## ABOUT THIS TASK
From the entries below, output the line with "fix c :: real" and each following line up to and including the line with "by (intro continuous_intros", exactly as written.

(Stored data)
::::::::

(* The barycentre of a simplex in a real normed linear space is a relative interior point of that simplex.
   Context: The setting is Bishop's constructive mathematics (intuitionistic logic). Vectors $v_1,\ldots,v_n$ are linearly independent if $\|\sum_i\mu_iv_i\|>0$ whenever $\sum_i|\mu_i|>0$; points $a_1,\ldots,a_{n+1}$ are affinely independent if $a_k-a_{n+1}$ ($1\le k\le n$) are linearly independent; the $n$-simplex with (affinely independent) vertices $a_1,\ldots,a_{n+1}$ is their convex hull, and its barycentre is $\frac{1}{n+1}\sum_{k=1}^{n+1}a_k$. $\mathsf{relint}(S)=\{x\in S:\exists r>0\,(B_X(x,r)\cap\mathsf{aff}(S)\subset S)\}$, with $B_X$ the open ball and $\mathsf{aff}$ the affine hull; its elements are relative interior points. *)

theory Defs
  imports "HOL-Analysis.Analysis"
begin

definition lin_indep_c :: "nat \<Rightarrow> (nat \<Rightarrow> 'a::real_normed_vector) \<Rightarrow> bool" where
  "lin_indep_c m v \<longleftrightarrow>
     (\<forall>\<mu> :: nat \<Rightarrow> real. (\<Sum>i<m. \<bar>\<mu> i\<bar>) > 0 \<longrightarrow> norm (\<Sum>i<m. \<mu> i *\<^sub>R v i) > 0)"

definition aff_indep_c :: "nat \<Rightarrow> (nat \<Rightarrow> 'a::real_normed_vector) \<Rightarrow> bool" where
  "aff_indep_c n a \<longleftrightarrow> lin_indep_c n (\<lambda>k. a k - a n)"

definition simplex_c :: "nat \<Rightarrow> (nat \<Rightarrow> 'a::real_normed_vector) \<Rightarrow> 'a set" where
  "simplex_c n a = convex hull (a ` {..n})"

definition barycentre :: "nat \<Rightarrow> (nat \<Rightarrow> 'a::real_normed_vector) \<Rightarrow> 'a" where
  "barycentre n a = (1 / real (n + 1)) *\<^sub>R (\<Sum>k\<le>n. a k)"

definition relint :: "'a::real_normed_vector set \<Rightarrow> 'a set" where
  "relint S = {x \<in> S. \<exists>r>0. ball x r \<inter> affine hull S \<subseteq> S}"

end

(* In the affine coordinates x = a n + (SUM i<n. mu i *R (a i - a n)) the simplex is
   {mu. mu >= 0, sum mu <= 1} and the barycentre has all coordinates 1/(n+1).
   Affine independence together with compactness of the l1 unit sphere of R^n yields
   c > 0 with c * (SUM i<n. |mu i|) <= norm (SUM i<n. mu i *R (a i - a n)).  So a point
   of the affine hull within distance c/(n+1) of the barycentre has coordinates within
   l1-distance 1/(n+1) of (1/(n+1), ..., 1/(n+1)), and these are still nonnegative with
   sum at most 1. *)

theory Submission
  imports Defs
begin

(* Coordinates from m on are pinned to 0: only then is the set compact in the product
   topology of nat => real. *)
lemma compact_l1_unit_sphere:
  "compact {\<mu> :: nat \<Rightarrow> real. (\<forall>i\<ge>m. \<mu> i = 0) \<and> (\<Sum>i<m. \<bar>\<mu> i\<bar>) = 1}"
proof -
  define B :: "(nat \<Rightarrow> real) set" where
    "B = PiE UNIV (\<lambda>i. if i < m then {-1..1} else {0})"
  have "compactin (product_topology (\<lambda>_. euclidean) UNIV) B"
    unfolding B_def compactin_PiE by auto
  then have "compact B"
    by (simp add: euclidean_product_topology)
  moreover have "closed {\<mu> :: nat \<Rightarrow> real. (\<Sum>i<m. \<bar>\<mu> i\<bar>) = 1}"
    by (intro closed_Collect_eq continuous_intros) auto
  moreover have "{\<mu>. (\<forall>i\<ge>m. \<mu> i = 0) \<and> (\<Sum>i<m. \<bar>\<mu> i\<bar>) = 1} = B \<inter> {\<mu>. (\<Sum>i<m. \<bar>\<mu> i\<bar>) = 1}"
  proof (intro set_eqI iffI)
    fix \<mu> :: "nat \<Rightarrow> real" assume \<mu>: "\<mu> \<in> {\<mu>. (\<forall>i\<ge>m. \<mu> i = 0) \<and> (\<Sum>i<m. \<bar>\<mu> i\<bar>) = 1}"
    have "\<bar>\<mu> i\<bar> \<le> 1" if "i < m" for i
      using \<mu> that member_le_sum[of i "{..<m}" "\<lambda>i. \<bar>\<mu> i\<bar>"] by auto
    with \<mu> show "\<mu> \<in> B \<inter> {\<mu>. (\<Sum>i<m. \<bar>\<mu> i\<bar>) = 1}"
      by (auto simp: B_def PiE_iff abs_le_iff)
  next
    fix \<mu> :: "nat \<Rightarrow> real" assume \<mu>: "\<mu> \<in> B \<inter> {\<mu>. (\<Sum>i<m. \<bar>\<mu> i\<bar>) = 1}"
    have "\<mu> i = 0" if "m \<le> i" for i
      using \<mu> that PiE_mem[of \<mu> UNIV "\<lambda>i. if i < m then {-1..1} else {0}" i]
      by (simp add: B_def)
    with \<mu> show "\<mu> \<in> {\<mu>. (\<forall>i\<ge>m. \<mu> i = 0) \<and> (\<Sum>i<m. \<bar>\<mu> i\<bar>) = 1}"
      by simp
  qed
  ultimately show ?thesis
    by (simp add: compact_Int_closed)
qed

lemma subspace_range_lincomb:
  fixes v :: "'i \<Rightarrow> 'a::real_vector"
  shows "subspace (range (\<lambda>\<mu>. \<Sum>i\<in>I. \<mu> i *\<^sub>R v i))"
  unfolding subspace_def
proof (intro conjI ballI allI)
  show "0 \<in> range (\<lambda>\<mu>. \<Sum>i\<in>I. \<mu> i *\<^sub>R v i)"
    by (rule range_eqI[of _ _ "\<lambda>_. 0"]) simp
next
  fix x y assume "x \<in> range (\<lambda>\<mu>. \<Sum>i\<in>I. \<mu> i *\<^sub>R v i)" "y \<in> range (\<lambda>\<mu>. \<Sum>i\<in>I. \<mu> i *\<^sub>R v i)"
  then obtain \<mu> \<nu> where "x = (\<Sum>i\<in>I. \<mu> i *\<^sub>R v i)" "y = (\<Sum>i\<in>I. \<nu> i *\<^sub>R v i)" by blast
  then show "x + y \<in> range (\<lambda>\<mu>. \<Sum>i\<in>I. \<mu> i *\<^sub>R v i)"
    by (intro range_eqI[of _ _ "\<lambda>i. \<mu> i + \<nu> i"]) (simp add: scaleR_add_left sum.distrib)
next
  fix c :: real and x assume "x \<in> range (\<lambda>\<mu>. \<Sum>i\<in>I. \<mu> i *\<^sub>R v i)"
  then obtain \<mu> where "x = (\<Sum>i\<in>I. \<mu> i *\<^sub>R v i)" by blast
  then show "c *\<^sub>R x \<in> range (\<lambda>\<mu>. \<Sum>i\<in>I. \<mu> i *\<^sub>R v i)"
    by (intro range_eqI[of _ _ "\<lambda>i. c * \<mu> i"]) (simp add: scaleR_sum_right)
qed

lemma barycentre_eq_coords:
  "barycentre n a = a n + (\<Sum>i<n. (1 / real (n + 1)) *\<^sub>R (a i - a n))"
proof -
  have "real (n + 1) *\<^sub>R (a n + (\<Sum>i<n. (1 / real (n + 1)) *\<^sub>R (a i - a n)))
      = real (n + 1) *\<^sub>R a n + (\<Sum>i<n. a i - a n)"
    by (simp add: scaleR_add_right scaleR_sum_right)
  also have "\<dots> = (\<Sum>k\<le>n. a k)"
  proof -
    have "(\<Sum>i<n. a i - a n) = (\<Sum>i<n. a i) - real n *\<^sub>R a n"
      by (simp only: sum_subtractf sum_constant_scaleR card_lessThan)
    then show ?thesis
      by (simp add: lessThan_Suc_atMost[symmetric] scaleR_add_left)
  qed
  finally have eq: "real (n + 1) *\<^sub>R (a n + (\<Sum>i<n. (1 / real (n + 1)) *\<^sub>R (a i - a n))) = (\<Sum>k\<le>n. a k)" .
  show ?thesis
    unfolding barycentre_def eq[symmetric] by simp
qed

lemma lin_indep_c_norm_lower_bound:
  fixes v :: "nat \<Rightarrow> 'a::real_normed_vector"
  assumes "lin_indep_c m v"
  obtains c where "c > 0" "\<And>\<mu>. c * (\<Sum>i<m. \<bar>\<mu> i\<bar>) \<le> norm (\<Sum>i<m. \<mu> i *\<^sub>R v i)"
proof -
  define K where "K = {\<mu> :: nat \<Rightarrow> real. (\<forall>i\<ge>m. \<mu> i = 0) \<and> (\<Sum>i<m. \<bar>\<mu> i\<bar>) = 1}"
  define N where "N \<mu> = norm (\<Sum>i<m. \<mu> i *\<^sub>R v i)" for \<mu>
  have "\<exists>c>0. \<forall>\<mu>\<in>K. c \<le> N \<mu>"
  proof (cases "K = {}")
    case False
    have "continuous_on K N"
      unfolding N_def
      by (intro continuous_intros continuous_on_subset[OF continuous_on_product_coordinates]) auto
    then obtain \<mu>\<^sub>0 where "\<mu>\<^sub>0 \<in> K" "\<forall>\<mu>\<in>K. N \<mu>\<^sub>0 \<le> N \<mu>"
      using continuous_attains_inf[OF compact_l1_unit_sphere[of m, folded K_def] False] by blast
    moreover have "N \<mu>\<^sub>0 > 0"
      using assms \<open>\<mu>\<^sub>0 \<in> K\<close> unfolding lin_indep_c_def K_def N_def by auto
    ultimately show ?thesis by blast
  qed (auto intro: exI[of _ 1])
  then obtain c where "c > 0" and c: "\<And>\<mu>. \<mu> \<in> K \<Longrightarrow> c \<le> N \<mu>" by blast
  have "c * (\<Sum>i<m. \<bar>\<mu> i\<bar>) \<le> N \<mu>" for \<mu>
  proof (cases "(\<Sum>i<m. \<bar>\<mu> i\<bar>) = 0")
    case False
    define s where "s = (\<Sum>i<m. \<bar>\<mu> i\<bar>)"
    define \<nu> where "\<nu> i = (if i < m then \<mu> i / s else 0)" for i
    have "s > 0"
      using False unfolding s_def by (simp add: order_le_neq_trans sum_nonneg)
    have "\<nu> \<in> K"
      using \<open>s > 0\<close> by (simp add: K_def \<nu>_def abs_div sum_divide_distrib[symmetric] s_def)
    moreover have "N \<mu> = s * N \<nu>"
    proof -
      have "(\<Sum>i<m. \<mu> i *\<^sub>R v i) = s *\<^sub>R (\<Sum>i<m. \<nu> i *\<^sub>R v i)"
        using \<open>s > 0\<close> by (simp add: \<nu>_def scaleR_sum_right)
      then show ?thesis
        using \<open>s > 0\<close> by (simp add: N_def)
    qed
    ultimately show ?thesis
      using c \<open>s > 0\<close> unfolding s_def by (simp add: mult.commute)
  qed (simp add: N_def)
  with \<open>c > 0\<close> show ?thesis
    unfolding N_def by (rule that)
qed

lemma affine_hull_subset_range_coords:
  fixes a :: "nat \<Rightarrow> 'a::real_vector"
  shows "affine hull (a ` {..n}) \<subseteq> range (\<lambda>\<mu>. a n + (\<Sum>i<n. \<mu> i *\<^sub>R (a i - a n)))"
proof (rule hull_minimal)
  show "a ` {..n} \<subseteq> range (\<lambda>\<mu>. a n + (\<Sum>i<n. \<mu> i *\<^sub>R (a i - a n)))"
  proof (rule image_subsetI)
    fix k assume "k \<in> {..n}"
    then consider "k = n" | "k < n" by fastforce
    then show "a k \<in> range (\<lambda>\<mu>. a n + (\<Sum>i<n. \<mu> i *\<^sub>R (a i - a n)))"
    proof cases
      case 1
      then show ?thesis by (intro range_eqI[of _ _ "\<lambda>_. 0"]) simp
    next
      case 2
      then show ?thesis
        by (intro range_eqI[of _ _ "\<lambda>i. if i = k then 1 else 0"]) (simp add: if_distrib[of "\<lambda>r. r *\<^sub>R _"] cong: if_cong)
    qed
  qed
  have "affine ((+) (a n) ` range (\<lambda>\<mu>. \<Sum>i<n. \<mu> i *\<^sub>R (a i - a n)))"
    by (rule affine_translation[THEN iffD1, OF subspace_imp_affine[OF subspace_range_lincomb]])
  then show "affine (range (\<lambda>\<mu>. a n + (\<Sum>i<n. \<mu> i *\<^sub>R (a i - a n))))"
    by (simp add: image_image)
qed

lemma simplex_c_coords_mem:
  fixes a :: "nat \<Rightarrow> 'a::real_normed_vector"
  assumes "\<And>i. i < n \<Longrightarrow> 0 \<le> \<mu> i" and "(\<Sum>i<n. \<mu> i) \<le> 1"
  shows "a n + (\<Sum>i<n. \<mu> i *\<^sub>R (a i - a n)) \<in> simplex_c n a"
proof -
  define w where "w k = (if k < n then \<mu> k else 1 - (\<Sum>i<n. \<mu> i))" for k
  have "(\<Sum>k\<le>n. w k *\<^sub>R a k) \<in> convex hull (a ` {..n})"
  proof (rule convex_sum)
    show "(\<Sum>k\<le>n. w k) = 1"
      by (simp add: w_def lessThan_Suc_atMost[symmetric])
    show "0 \<le> w k" if "k \<in> {..n}" for k
      using assms by (simp add: w_def)
  qed (auto intro: hull_inc)
  moreover have "(\<Sum>k\<le>n. w k *\<^sub>R a k) = a n + (\<Sum>i<n. \<mu> i *\<^sub>R (a i - a n))"
    by (simp add: w_def lessThan_Suc_atMost[symmetric] scaleR_diff_right sum_subtractf
        scaleR_sum_left[symmetric] algebra_simps)
  ultimately show ?thesis
    by (simp add: simplex_c_def)
qed

lemma l1_near_uniform_weights:
  fixes \<mu> :: "nat \<Rightarrow> real"
  assumes "(\<Sum>i<n. \<bar>\<mu> i - 1 / real (n + 1)\<bar>) < 1 / real (n + 1)"
  shows "\<And>i. i < n \<Longrightarrow> 0 \<le> \<mu> i" and "(\<Sum>i<n. \<mu> i) \<le> 1"
proof -
  fix i assume "i < n"
  then have "\<bar>\<mu> i - 1 / real (n + 1)\<bar> \<le> (\<Sum>i<n. \<bar>\<mu> i - 1 / real (n + 1)\<bar>)"
    by (intro member_le_sum) auto
  with assms show "0 \<le> \<mu> i" by linarith
next
  have "(\<Sum>i<n. \<mu> i) = (\<Sum>i<n. \<mu> i - 1 / real (n + 1)) + real n / real (n + 1)"
    by (simp add: sum_subtractf)
  also have "\<dots> \<le> (\<Sum>i<n. \<bar>\<mu> i - 1 / real (n + 1)\<bar>) + real n / real (n + 1)"
    by (intro add_right_mono sum_mono) auto
  also have "\<dots> \<le> 1 / real (n + 1) + real n / real (n + 1)"
    using assms by simp
  also have "\<dots> = 1"
    by (simp add: field_simps)
  finally show "(\<Sum>i<n. \<mu> i) \<le> 1" .
qed

theorem corollary23:
  fixes a :: "nat \<Rightarrow> 'a::real_normed_vector" and n :: nat
  assumes "aff_indep_c n a"
  shows "barycentre n a \<in> relint (simplex_c n a)"
proof -
  define v where "v k = a k - a n" for k
  define u where "u = 1 / real (n + 1)"
  obtain c where "c > 0" and c: "\<And>\<mu>. c * (\<Sum>i<n. \<bar>\<mu> i\<bar>) \<le> norm (\<Sum>i<n. \<mu> i *\<^sub>R v i)"
    using lin_indep_c_norm_lower_bound assms unfolding aff_indep_c_def v_def by blast
  have b: "barycentre n a = a n + (\<Sum>i<n. u *\<^sub>R v i)"
    unfolding barycentre_eq_coords u_def v_def ..
  have "barycentre n a \<in> simplex_c n a"
    unfolding b v_def by (rule simplex_c_coords_mem) (auto simp: u_def field_simps)
  moreover have "ball (barycentre n a) (c * u) \<inter> affine hull (simplex_c n a) \<subseteq> simplex_c n a"
  proof
    fix y assume y: "y \<in> ball (barycentre n a) (c * u) \<inter> affine hull (simplex_c n a)"
    then obtain \<mu> where y_eq: "y = a n + (\<Sum>i<n. \<mu> i *\<^sub>R v i)"
      using affine_hull_subset_range_coords[of a n] by (auto simp: simplex_c_def v_def)
    have "c * (\<Sum>i<n. \<bar>\<mu> i - u\<bar>) \<le> norm (y - barycentre n a)"
      using c[of "\<lambda>i. \<mu> i - u"] by (simp add: y_eq b sum_subtractf scaleR_diff_left)
    also have "\<dots> < c * u"
      using y by (simp add: dist_norm norm_minus_commute)
    finally have "(\<Sum>i<n. \<bar>\<mu> i - u\<bar>) < u"
      using \<open>c > 0\<close> by simp
    then show "y \<in> simplex_c n a"
      unfolding y_eq v_def u_def by (intro simplex_c_coords_mem l1_near_uniform_weights)
  qed
  moreover have "c * u > 0"
    using \<open>c > 0\<close> by (simp add: u_def)
  ultimately show ?thesis
    unfolding relint_def by blast
qed

end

::::::::

## REPLY TO THE TASK
  fix c :: real and x assume "x \<in> range (\<lambda>\<mu>. \<Sum>i\<in>I. \<mu> i *\<^sub>R v i)"
  then obtain \<mu> where "x = (\<Sum>i\<in>I. \<mu> i *\<^sub>R v i)" by blast
  then show "c *\<^sub>R x \<in> range (\<lambda>\<mu>. \<Sum>i\<in>I. \<mu> i *\<^sub>R v i)"
    by (intro range_eqI[of _ _ "\<lambda>i. c * \<mu> i"]) (simp add: scaleR_sum_right)
qed

lemma barycentre_eq_coords:
  "barycentre n a = a n + (\<Sum>i<n. (1 / real (n + 1)) *\<^sub>R (a i - a n))"
proof -
  have "real (n + 1) *\<^sub>R (a n + (\<Sum>i<n. (1 / real (n + 1)) *\<^sub>R (a i - a n)))
      = real (n + 1) *\<^sub>R a n + (\<Sum>i<n. a i - a n)"
    by (simp add: scaleR_add_right scaleR_sum_right)
  also have "\<dots> = (\<Sum>k\<le>n. a k)"
  proof -
    have "(\<Sum>i<n. a i - a n) = (\<Sum>i<n. a i) - real n *\<^sub>R a n"
      by (simp only: sum_subtractf sum_constant_scaleR card_lessThan)
    then show ?thesis
      by (simp add: lessThan_Suc_atMost[symmetric] scaleR_add_left)
  qed
  finally have eq: "real (n + 1) *\<^sub>R (a n + (\<Sum>i<n. (1 / real (n + 1)) *\<^sub>R (a i - a n))) = (\<Sum>k\<le>n. a k)" .
  show ?thesis
    unfolding barycentre_def eq[symmetric] by simp
qed

lemma lin_indep_c_norm_lower_bound:
  fixes v :: "nat \<Rightarrow> 'a::real_normed_vector"
  assumes "lin_indep_c m v"
  obtains c where "c > 0" "\<And>\<mu>. c * (\<Sum>i<m. \<bar>\<mu> i\<bar>) \<le> norm (\<Sum>i<m. \<mu> i *\<^sub>R v i)"
proof -
  define K where "K = {\<mu> :: nat \<Rightarrow> real. (\<forall>i\<ge>m. \<mu> i = 0) \<and> (\<Sum>i<m. \<bar>\<mu> i\<bar>) = 1}"
  define N where "N \<mu> = norm (\<Sum>i<m. \<mu> i *\<^sub>R v i)" for \<mu>
  have "\<exists>c>0. \<forall>\<mu>\<in>K. c \<le> N \<mu>"
  proof (cases "K = {}")
    case False
    have "continuous_on K N"
      unfolding N_def
      by (intro continuous_intros continuous_on_subset[OF continuous_on_product_coordinates]) auto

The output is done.